Um die Augenbecher kryo-schützen, gleicht sie in 15% Saccharose und PBS über Nacht bei vier Grad Celsius aus, bis sie sinken. Dann die Augenbecher für zwei bis drei Stunden auf 30% Saccharose und PBS übertragen, bis sie sinken. Legen Sie die Augenbecher in OCT in 10 mal 10 Millimeter Kryo-Formen zum Einbetten.
Richten Sie das Auge in der Kryoform unter einem Sezierendes Mikroskop entlang seiner dorsalen ventralen Achse aus, indem Sie das Auge so lange drehen, bis sich die Brandmarke oben befindet. Der Sehnerv ist einer links und der ausgeschnittene Teil der Form nach rechts. Um das Netzhautgewebe einzufrieren, tauchen Sie die Kryoform für mindestens fünf Minuten in einen Metallbecher mit Isopentan ein und legen Sie das Becherglas dann bis zu einem Drittel der Höhe des Becherglases in flüssigen Stickstoff.
Entfernen Sie den gefrorenen Block, wickeln Sie ihn in Aluminiumfolie und lagern Sie ihn bei minus 80 Grad Celsius. Verwenden Sie einen Stift oder Sharpie, um den eingefrorenen Block zu markieren, um seine Ausrichtung aufzuzeichnen. Nach der Einstellung der Kryostattemperatur zwischen minus 20 und minus 25 Grad Celsius, legen Sie die Formen mit den eingebetteten Augenbechern innen und lassen Sie sie auf die Kryostattemperatur für eine Stunde ausgrenzen.
Installieren Sie den Block im Kryostat mit der dorsalen ventralen Ausrichtung und beginnen Sie, 10 Mikrometer dicke serielle Abschnitte zu schneiden.

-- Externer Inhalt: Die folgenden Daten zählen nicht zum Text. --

lemma sum_db_pos:
  fixes h :: "nat \<Rightarrow> 'c::comm_semiring_1"
  assumes "a + b < n"
  shows "(\<Sum>u\<in>{0..<n}. h (db_pos n a b u))
           = (\<Sum>i<n - a - b. h i) + of_nat a * h 0 + of_nat b * h (n - a - b - 1)"
proof -
  let ?L = "n - a - b"
  have "(\<Sum>u\<in>{0..<n}. h (db_pos n a b u)) = (\<Sum>u\<in>{0..<?L}. h (db_pos n a b u))
      + (\<Sum>u\<in>{?L..<n - b}. h (db_pos n a b u)) + (\<Sum>u\<in>{n - b..<n}. h (db_pos n a b u))"
    using assms by (simp add: sum.atLeastLessThan_concat)
  also have "\<dots> = (\<Sum>i\<in>{0..<?L}. h i) + (\<Sum>u\<in>{?L..<n - b}. h 0) + (\<Sum>u\<in>{n - b..<n}. h (?L - 1))"
    by (intro arg_cong2[where f = "(+)"] sum.cong) (auto simp: db_spine db_leaf)
  finally show ?thesis using assms by (simp add: atLeast0LessThan)
qed

lemma sum_db_depth:
  assumes "a + b < n"
  shows "(\<Sum>u\<in>{0..<n}. db_depth n a b u) = a + b"
proof -
  have "(\<Sum>u\<in>{0..<n}. db_depth n a b u)
      = (\<Sum>u\<in>{0..<n - a - b}. db_depth n a b u) + (\<Sum>u\<in>{n - a - b..<n}. db_depth n a b u)"
    by (simp add: sum.atLeastLessThan_concat)
  also have "\<dots> = (\<Sum>u\<in>{n - a - b..<n}. 1)"
    by (simp add: db_spine db_leaf)
  finally show ?thesis using assms by simp
qed

lemma sum_nat_dist_to_end: "(\<Sum>i<L. nat_dist i (L - 1)) = (\<Sum>i<L. i)"
proof -
  have "(\<Sum>i<L. nat_dist i (L - 1)) = (\<Sum>i<L. L - Suc i)"
    by (intro sum.cong) (auto simp: nat_dist_def)
  then show ?thesis using sum.nat_diff_reindex[of "\<lambda>i. i" L] by simp
qed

Stellen Sie die Netzhautabschnitte vorsichtig auf kommentierte und nummerierte Mikroskopdias und lagern Sie dann in Diaboxen bei minus 20 Grad Celsius oder minus 80 Grad Celsius, bis sie zum Immunstainieren bereit sind. Immunhistochemie mit Antikörpern gegen Rhodopsin, einen Photorezeptormarker, Glutaminsäure-Decarboxylase 65 und Amacrine-Zellmarker, Glutamin-Synthetase und Muller-Zellmarker und Calbindin, ein horizontaler Zellmarker, wurde an Netzhautabschnitten durchgeführt.
Die Ergebnisse deuten darauf hin, dass dieses Protokoll hohe Qualität und gut erhaltene Netzhautabschnitte liefert, im Gegensatz zu schlechter Qualität Netzhautabschnitte aus einem anderen Protokoll erhalten. Rhodopsin reiche innere und äußere Segmente bleiben vertikal und intakt mit wenig bis gar keine Trennung vom Überlegen des retinalen pigmentierten Epithels. Interneuronen, wie Gad65-positive Amacrinzellen, bleiben innerhalb der inneren Kernschicht und der inneren Plexiformschicht richtig geschichtet.
Außerdem bleiben Muller-Zellen gut erhalten mit Soma, der in zytoplasmatischen Prozessen, die sich von der Ganglienzellschicht bis zur äußeren Kernschicht erstrecken, richtig ausgerichtet ist. Darüber hinaus sind gut definierte horizontale Zellen an der inneren Kernschicht und dem äußeren Plexiformschichtrahmen nachweisbar. Es ist wichtig, den Topperbereich der Augen zu markieren und die Orientierung während der Einbettung zu behalten.
Bereiten Sie Paraformaldehyd unter der Haube immer mit der entsprechenden persönlichen Schutzausrüstung vor.